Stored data
########################################
(* Let $\sigma\in[0,c]$ and let $\omega_k=(Z_k,E_k,-\lambda_k)$ be given. If for every choice of parameters $(W_k,\theta_k,\beta_k)\in\mathcal{S}(\sigma,A)$ the iteration below produces $\omega_{k+1}=\omega_k$, then $\omega_k=\omega_{k+1}\in\Omega^*$.
   Context: Let $A\in\mathbb{R}^{m\times d}$, $X\in\mathbb{R}^{m\times n}$, and let $f:\mathbb{R}^{d\times n}\to\mathbb{R}$, $g:\mathbb{R}^{m\times n}\to\mathbb{R}$ be convex. Consider the problem $\min_{Z,E} f(Z)+g(E)$ subject to $X=AZ+E$. Triples are written $\omega=(Z,E,-\lambda)$ with $\lambda\in\mathbb{R}^{m\times n}$ a Lagrange multiplier. $\Omega^*$ is the solution set: the set of $\omega^*=(Z^*,E^*,-\lambda^* )$ with $0\in\partial f(Z^* )+A^\top\lambda^*$, $0\in\partial g(E^* )+\lambda^*$, $AZ^*+E^*=X$. $\circ$ is the Hadamard product; $\beta^{-1}$ is the entrywise reciprocal; $\tfrac{\theta}{2}\circ\|M\|_F^2:=\tfrac12\sum_{ij}\theta_{ij}M_{ij}^2$. Iteration (D-LADMM), with parameters $W_k\in\mathbb{R}^{m\times d}$, $\theta_k\in\mathbb{R}^{d\times n}$, $\beta_k\in\mathbb{R}^{m\times n}$: $Z_{k+1}=\arg\min_Z\{ f(Z)+\tfrac{\theta_k}{2}\circ\|Z-Z_k+\theta_k^{-1}\circ W_k^\top(\lambda_k+\beta_k\circ(AZ_k+E_k-X))\|_F^2\}$, $E_{k+1}=\arg\min_E\{g(E)+\tfrac{\beta_k}{2}\circ\|E-X+AZ_{k+1}+\beta_k^{-1}\circ\lambda_k\|_F^2\}$, $\lambda_{k+1}=\lambda_k+\beta_k\circ(AZ_{k+1}+E_{k+1}-X)$. $\mathcal{S}(\sigma,A)$ is the set of $(W,\theta,\beta)$ with $\|W-A\|\le\sigma$ (spectral norm), $\theta,\beta$ entrywise positive, and $Z\mapsto\theta\circ Z-W^\top(\beta\circ(AZ))$ positive definite ($\langle\cdot(Z),Z\rangle>0$ for $Z\neq0$). Standing assumption: there is a constant $c$ such that $\mathcal{S}(\sigma,A)\ne\emptyset$ for all $0\le\sigma\le c$. *)

theory Defs
  imports "HOL-Analysis.Analysis"
begin

text \<open>Matrices are elements of real^'c^'r (rows indexed by 'r, columns by 'c).
  The library inner product / norm on this type is the Frobenius one.\<close>

definition had :: "real^'c^'r \<Rightarrow> real^'c^'r \<Rightarrow> real^'c^'r" where
  "had P Q = (\<chi> i j. P$i$j * Q$i$j)"

definition entrywise_inv :: "real^'c^'r \<Rightarrow> real^'c^'r" where
  "entrywise_inv P = (\<chi> i j. inverse (P$i$j))"

definition wsqnorm :: "real^'c^'r \<Rightarrow> real^'c^'r \<Rightarrow> real" where
  "wsqnorm \<theta> M = (1/2) * (\<Sum>i\<in>UNIV. \<Sum>j\<in>UNIV. \<theta>$i$j * (M$i$j)^2)"

definition entrywise_pos :: "real^'c^'r \<Rightarrow> bool" where
  "entrywise_pos P \<longleftrightarrow> (\<forall>i j. P$i$j > 0)"

definition spec_norm :: "real^'c^'r \<Rightarrow> real" where
  "spec_norm M = onorm (\<lambda>x. M *v x)"

definition param_set ::
  "real \<Rightarrow> real^'d^'m \<Rightarrow> ((real^'d^'m) \<times> (real^'n^'d) \<times> (real^'n^'m)) set" where
  "param_set \<sigma> A = {(W, \<theta>, \<beta>). spec_norm (W - A) \<le> \<sigma> \<and> entrywise_pos \<theta> \<and> entrywise_pos \<beta> \<and>
      (\<forall>Z::real^'n^'d. Z \<noteq> 0 \<longrightarrow> inner (had \<theta> Z - transpose W ** had \<beta> (A ** Z)) Z > 0)}"

definition subdiff :: "('a::real_inner \<Rightarrow> real) \<Rightarrow> 'a \<Rightarrow> 'a set" where
  "subdiff f x = {G. \<forall>y. f y \<ge> f x + inner G (y - x)}"

definition sol_set ::
  "(real^'n^'d \<Rightarrow> real) \<Rightarrow> (real^'n^'m \<Rightarrow> real) \<Rightarrow> real^'d^'m \<Rightarrow> real^'n^'m
    \<Rightarrow> ((real^'n^'d) \<times> (real^'n^'m) \<times> (real^'n^'m)) set" where
  "sol_set f g A X = {(Z, E, mlam). let lam = - mlam in
      0 \<in> (\<lambda>G. G + transpose A ** lam) ` subdiff f Z \<and>
      0 \<in> (\<lambda>G. G + lam) ` subdiff g E \<and> A ** Z + E = X}"

definition Zobj ::
  "(real^'n^'d \<Rightarrow> real) \<Rightarrow> real^'d^'m \<Rightarrow> real^'n^'m \<Rightarrow> real^'d^'m \<Rightarrow> real^'n^'d \<Rightarrow> real^'n^'m
    \<Rightarrow> real^'n^'d \<Rightarrow> real^'n^'m \<Rightarrow> real^'n^'m \<Rightarrow> real^'n^'d \<Rightarrow> real" where
  "Zobj f A X W \<theta> \<beta> Zk Ek lamk Z = f Z + wsqnorm \<theta>
      (Z - Zk + had (entrywise_inv \<theta>) (transpose W ** (lamk + had \<beta> (A ** Zk + Ek - X))))"

definition Eobj ::
  "(real^'n^'m \<Rightarrow> real) \<Rightarrow> real^'d^'m \<Rightarrow> real^'n^'m \<Rightarrow> real^'n^'m
    \<Rightarrow> real^'n^'d \<Rightarrow> real^'n^'m \<Rightarrow> real^'n^'m \<Rightarrow> real" where
  "Eobj g A X \<beta> Znew lamk E = g E + wsqnorm \<beta> (E - X + A ** Znew + had (entrywise_inv \<beta>) lamk)"

text \<open>One D-LADMM step maps (Zk,Ek,lk) to (Z1,E1,l1) (Z1, E1 are minimizers of the
  subproblems, which are unique since the objectives are strongly convex).\<close>
definition dladmm_step ::
  "(real^'n^'d \<Rightarrow> real) \<Rightarrow> (real^'n^'m \<Rightarrow> real) \<Rightarrow> real^'d^'m \<Rightarrow> real^'n^'m
   \<Rightarrow> real^'d^'m \<Rightarrow> real^'n^'d \<Rightarrow> real^'n^'m
   \<Rightarrow> real^'n^'d \<Rightarrow> real^'n^'m \<Rightarrow> real^'n^'m
   \<Rightarrow> real^'n^'d \<Rightarrow> real^'n^'m \<Rightarrow> real^'n^'m \<Rightarrow> bool" where
  "dladmm_step f g A X W \<theta> \<beta> Zk Ek lamk Z1 E1 lam1 \<longleftrightarrow>
     (\<forall>Z. Zobj f A X W \<theta> \<beta> Zk Ek lamk Z1 \<le> Zobj f A X W \<theta> \<beta> Zk Ek lamk Z) \<and>
     (\<forall>E. Eobj g A X \<beta> Z1 lamk E1 \<le> Eobj g A X \<beta> Z1 lamk E) \<and>
     lam1 = lamk + had \<beta> (A ** Z1 + E1 - X)"

end

theory Submission
  imports Defs
begin

text \<open>It suffices to use one parameter choice with \<open>W = A\<close>, namely \<open>\<beta> = 1\<close> and
  \<open>\<theta> = (K\<^sup>2 + 1)\<close> entrywise for a bound \<open>\<parallel>A Z\<parallel> \<le> K \<parallel>Z\<parallel>\<close>. Positivity of \<open>\<beta>\<close> turns
  \<open>\<lambda>\<^sub>k\<^sub>+\<^sub>1 = \<lambda>\<^sub>k\<close> into feasibility \<open>A Z + E = X\<close>, after which both subproblems are proximal
  steps \<open>argmin h + \<theta>/2\<circ>\<parallel>\<cdot> - x + \<theta>\<^sup>-\<^sup>1\<circ>v\<parallel>\<^sup>2\<close> centred at the current point \<open>x\<close>, and such a
  fixed point satisfies \<open>-v \<in> \<partial>h(x)\<close>, giving the two KKT inclusions.\<close>

lemma inner_transpose_matrix_mult:
  fixes A :: "real^'d^'m" and Y :: "real^'n^'m" and Z :: "real^'n^'d"
  shows "inner (transpose A ** Y) Z = inner Y (A ** Z)"
proof -
  have "inner (transpose A ** Y) Z = (\<Sum>i\<in>UNIV. \<Sum>j\<in>UNIV. \<Sum>k\<in>UNIV. A$k$i * Y$k$j * Z$i$j)"
    unfolding inner_vec_def matrix_matrix_mult_def transpose_def
    by (simp add: sum_distrib_right)
  also have "\<dots> = (\<Sum>j\<in>UNIV. \<Sum>k\<in>UNIV. \<Sum>i\<in>UNIV. A$k$i * Y$k$j * Z$i$j)"
    by (subst sum.swap) (rule sum.cong[OF refl], rule sum.swap)
  also have "\<dots> = (\<Sum>k\<in>UNIV. \<Sum>j\<in>UNIV. \<Sum>i\<in>UNIV. A$k$i * Y$k$j * Z$i$j)"
    by (rule sum.swap)
  also have "\<dots> = inner Y (A ** Z)"
    unfolding inner_vec_def matrix_matrix_mult_def
    by (simp add: sum_distrib_left mult.assoc mult.left_commute)
  finally show ?thesis .
qed

lemma spec_norm_0 [simp]: "spec_norm (0::real^'c^'r) = 0"
proof -
  have "(*v) (0::real^'c^'r) = (\<lambda>x. 0)" by (simp add: fun_eq_iff)
  then show ?thesis unfolding spec_norm_def by (simp only: onorm_zero)
qed

lemma param_set_contains_A:
  fixes A :: "real^'d^'m"
  assumes "0 \<le> \<sigma>"
  obtains \<theta> :: "real^'n^'d" and \<beta> :: "real^'n^'m" where "(A, \<theta>, \<beta>) \<in> param_set \<sigma> A"
proof -
  have "linear (\<lambda>Z::real^'n^'d. A ** Z)"
    by (rule linearI)
      (simp_all add: matrix_matrix_mult_def vec_eq_iff sum_distrib_left distrib_left sum.distrib
        mult.left_commute)
  then have "bounded_linear (\<lambda>Z::real^'n^'d. A ** Z)"
    by (simp add: linear_conv_bounded_linear)
  then obtain K where K: "\<And>Z::real^'n^'d. norm (A ** Z) \<le> norm Z * K"
    using bounded_linear.bounded by blast
  define \<theta> :: "real^'n^'d" where "\<theta> = (\<chi> i j. K\<^sup>2 + 1)"
  define \<beta> :: "real^'n^'m" where "\<beta> = (\<chi> i j. 1)"
  have "inner (had \<theta> Z - transpose A ** had \<beta> (A ** Z)) Z > 0" if "Z \<noteq> 0" for Z
  proof -
    have "had \<theta> Z = (K\<^sup>2 + 1) *\<^sub>R Z" "had \<beta> (A ** Z) = A ** Z"
      unfolding had_def \<theta>_def \<beta>_def by (simp_all add: vec_eq_iff)
    then have "inner (had \<theta> Z - transpose A ** had \<beta> (A ** Z)) Z
        = (K\<^sup>2 + 1) * (norm Z)\<^sup>2 - (norm (A ** Z))\<^sup>2"
      by (simp add: inner_diff_left inner_transpose_matrix_mult power2_norm_eq_inner)
    moreover have "(norm (A ** Z))\<^sup>2 \<le> (norm Z)\<^sup>2 * K\<^sup>2"
      using K[of Z] by (simp add: power_mono flip: power_mult_distrib)
    moreover have "(K\<^sup>2 + 1) * (norm Z)\<^sup>2 = (norm Z)\<^sup>2 * K\<^sup>2 + (norm Z)\<^sup>2"
      by (simp add: algebra_simps)
    moreover have "(norm Z)\<^sup>2 > 0" using that by simp
    ultimately show ?thesis by linarith
  qed
  then have "(A, \<theta>, \<beta>) \<in> param_set \<sigma> A"
    unfolding param_set_def entrywise_pos_def \<theta>_def \<beta>_def
    using assms by (simp add: add_nonneg_pos)
  then show ?thesis by (rule that)
qed

lemma had_0_right [simp]: "had \<beta> 0 = 0"
  unfolding had_def by (simp add: vec_eq_iff)

lemma had_eq_0_iff:
  assumes "entrywise_pos \<beta>"
  shows "had \<beta> R = 0 \<longleftrightarrow> R = 0"
  using assms unfolding had_def entrywise_pos_def
  by (auto simp: vec_eq_iff) (metis less_irrefl)

lemma wsqnorm_scaleR_add_had_inverse:
  fixes \<theta> D v :: "real^'c^'r"
  assumes pos: "entrywise_pos \<theta>"
  shows "wsqnorm \<theta> (t *\<^sub>R D + had (entrywise_inv \<theta>) v)
     = wsqnorm \<theta> (had (entrywise_inv \<theta>) v) + t * inner D v + t\<^sup>2 * wsqnorm \<theta> D"
proof -
  have entry: "\<theta>$i$j * (t * D$i$j + inverse (\<theta>$i$j) * v$i$j)\<^sup>2
     = \<theta>$i$j * (inverse (\<theta>$i$j) * v$i$j)\<^sup>2 + 2 * t * (D$i$j * v$i$j) + t\<^sup>2 * (\<theta>$i$j * (D$i$j)\<^sup>2)"
    for i j
  proof -
    have "\<theta>$i$j > 0" using pos unfolding entrywise_pos_def by blast
    then show ?thesis by (simp add: field_simps power2_eq_square)
  qed
  have "wsqnorm \<theta> (t *\<^sub>R D + had (entrywise_inv \<theta>) v) = (1/2) * (\<Sum>i\<in>UNIV. \<Sum>j\<in>UNIV.
     \<theta>$i$j * (inverse (\<theta>$i$j) * v$i$j)\<^sup>2 + 2 * t * (D$i$j * v$i$j) + t\<^sup>2 * (\<theta>$i$j * (D$i$j)\<^sup>2))"
    unfolding wsqnorm_def had_def entrywise_inv_def
    by (simp only: vec_lambda_beta vector_add_component vector_scaleR_component real_scaleR_def entry)
  then show ?thesis
    unfolding wsqnorm_def had_def entrywise_inv_def inner_vec_def
    by (simp add: sum.distrib sum_distrib_left algebra_simps)
qed

lemma le_of_forall_le_add_mult:
  fixes a b C :: real
  assumes "\<And>t. 0 < t \<Longrightarrow> t \<le> 1 \<Longrightarrow> a \<le> b + t * C"
  shows "a \<le> b"
proof (rule ccontr)
  assume "\<not> a \<le> b"
  define t where "t = min 1 ((a - b) / (\<bar>C\<bar> + 1))"
  have t: "0 < t" "t \<le> 1" using \<open>\<not> a \<le> b\<close> unfolding t_def by auto
  have "t * (\<bar>C\<bar> + 1) \<le> a - b"
    unfolding t_def using \<open>\<not> a \<le> b\<close>
    by (smt (verit) divide_pos_pos min.cobounded2 mult_right_mono nonzero_eq_divide_eq abs_ge_zero)
  moreover have "t * C \<le> t * \<bar>C\<bar>" using t by (simp add: mult_left_mono)
  moreover have "t * (\<bar>C\<bar> + 1) = t * \<bar>C\<bar> + t" by (simp add: algebra_simps)
  ultimately have "b + t * C < a" using t by linarith
  with assms[OF t] show False by simp
qed

text \<open>Comparing with the convex combination \<open>x + t(y - x)\<close> and letting \<open>t \<rightarrow> 0\<close>: the quadratic
  term contributes \<open>t\<^sup>2\<close>, the linear cross term \<open>t\<langle>y - x, v\<rangle>\<close> survives.\<close>

lemma prox_minimizer_in_subdiff:
  fixes h :: "real^'c^'r \<Rightarrow> real" and \<theta> v x :: "real^'c^'r"
  assumes cvx: "convex_on UNIV h" and pos: "entrywise_pos \<theta>"
    and min: "\<And>y. h x + wsqnorm \<theta> (had (entrywise_inv \<theta>) v)
                 \<le> h y + wsqnorm \<theta> (y - x + had (entrywise_inv \<theta>) v)"
  shows "- v \<in> subdiff h x"
  unfolding subdiff_def
proof (intro CollectI allI)
  fix y
  define D where "D = y - x"
  have "h x \<le> h y + inner D v + t * wsqnorm \<theta> D" if t: "0 < t" "t \<le> 1" for t
  proof -
    have "x + t *\<^sub>R D = (1 - t) *\<^sub>R x + t *\<^sub>R y"
      unfolding D_def by (simp add: algebra_simps)
    then have convex: "h (x + t *\<^sub>R D) \<le> (1 - t) * h x + t * h y"
      using convex_onD[OF cvx, of t x y] t by simp
    have "h x \<le> h (x + t *\<^sub>R D) + t * inner D v + t\<^sup>2 * wsqnorm \<theta> D"
      using min[of "x + t *\<^sub>R D"] wsqnorm_scaleR_add_had_inverse[OF pos] by simp
    with convex have "t * h x \<le> t * (h y + inner D v + t * wsqnorm \<theta> D)"
      by (simp add: algebra_simps power2_eq_square)
    then show ?thesis using t by simp
  qed
  then have "h x \<le> h y + inner D v"
    by (rule le_of_forall_le_add_mult)
  then show "h x + inner (- v) (y - x) \<le> h y"
    unfolding D_def by (simp add: inner_commute)
qed

theorem lemma3:
  fixes A :: "real^'d^'m" and X :: "real^'n^'m"
    and f :: "real^'n^'d \<Rightarrow> real" and g :: "real^'n^'m \<Rightarrow> real"
    and c \<sigma> :: real
    and Zk Z1 :: "real^'n^'d" and Ek E1 lamk lam1 :: "real^'n^'m"
  assumes "convex_on UNIV f" and "convex_on UNIV g"
    and standing: "\<forall>s. 0 \<le> s \<and> s \<le> c \<longrightarrow> param_set s A \<noteq> {}"
    and "0 \<le> \<sigma>" and "\<sigma> \<le> c"
    and fixed: "\<forall>(W, \<theta>, \<beta>) \<in> param_set \<sigma> A.
        dladmm_step f g A X W \<theta> \<beta> Zk Ek lamk Z1 E1 lam1 \<and> (Z1, E1, - lam1) = (Zk, Ek, - lamk)"
  shows "(Zk, Ek, - lamk) = (Z1, E1, - lam1) \<and> (Zk, Ek, - lamk) \<in> sol_set f g A X"
proof -
  obtain \<theta> :: "real^'n^'d" and \<beta> where P: "(A, \<theta>, \<beta>) \<in> param_set \<sigma> A"
    using param_set_contains_A[OF \<open>0 \<le> \<sigma>\<close>] .
  have pos: "entrywise_pos \<theta>" "entrywise_pos \<beta>" using P unfolding param_set_def by auto
  from P fixed have step: "dladmm_step f g A X A \<theta> \<beta> Zk Ek lamk Zk Ek lamk"
    and eq: "Z1 = Zk" "E1 = Ek" "lam1 = lamk" by auto
  have feasible: "A ** Zk + Ek = X"
    using step had_eq_0_iff[OF pos(2)] unfolding dladmm_step_def by simp
  have "- (transpose A ** lamk) \<in> subdiff f Zk"
    using step feasible unfolding dladmm_step_def Zobj_def
    by (intro prox_minimizer_in_subdiff[OF assms(1) pos(1)]) simp
  moreover have "- lamk \<in> subdiff g Ek"
  proof (rule prox_minimizer_in_subdiff[OF assms(2) pos(2)])
    have shift: "E - X + A ** Zk = E - Ek" for E using feasible by (auto simp: algebra_simps)
    show "g Ek + wsqnorm \<beta> (had (entrywise_inv \<beta>) lamk)
        \<le> g E + wsqnorm \<beta> (E - Ek + had (entrywise_inv \<beta>) lamk)" for E
      using step unfolding dladmm_step_def Eobj_def shift by simp
  qed
  ultimately have "(Zk, Ek, - lamk) \<in> sol_set f g A X"
    unfolding sol_set_def using feasible by (auto intro: rev_image_eqI)
  with eq show ?thesis by simp
qed

end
########################################
#### TO DO:
Spot the lines above that mention "bool" and copy them.

#### PROBLEM SOLUTION:
definition entrywise_pos :: "real^'c^'r \<Rightarrow> bool" where
   \<Rightarrow> real^'n^'d \<Rightarrow> real^'n^'m \<Rightarrow> real^'n^'m \<Rightarrow> bool" where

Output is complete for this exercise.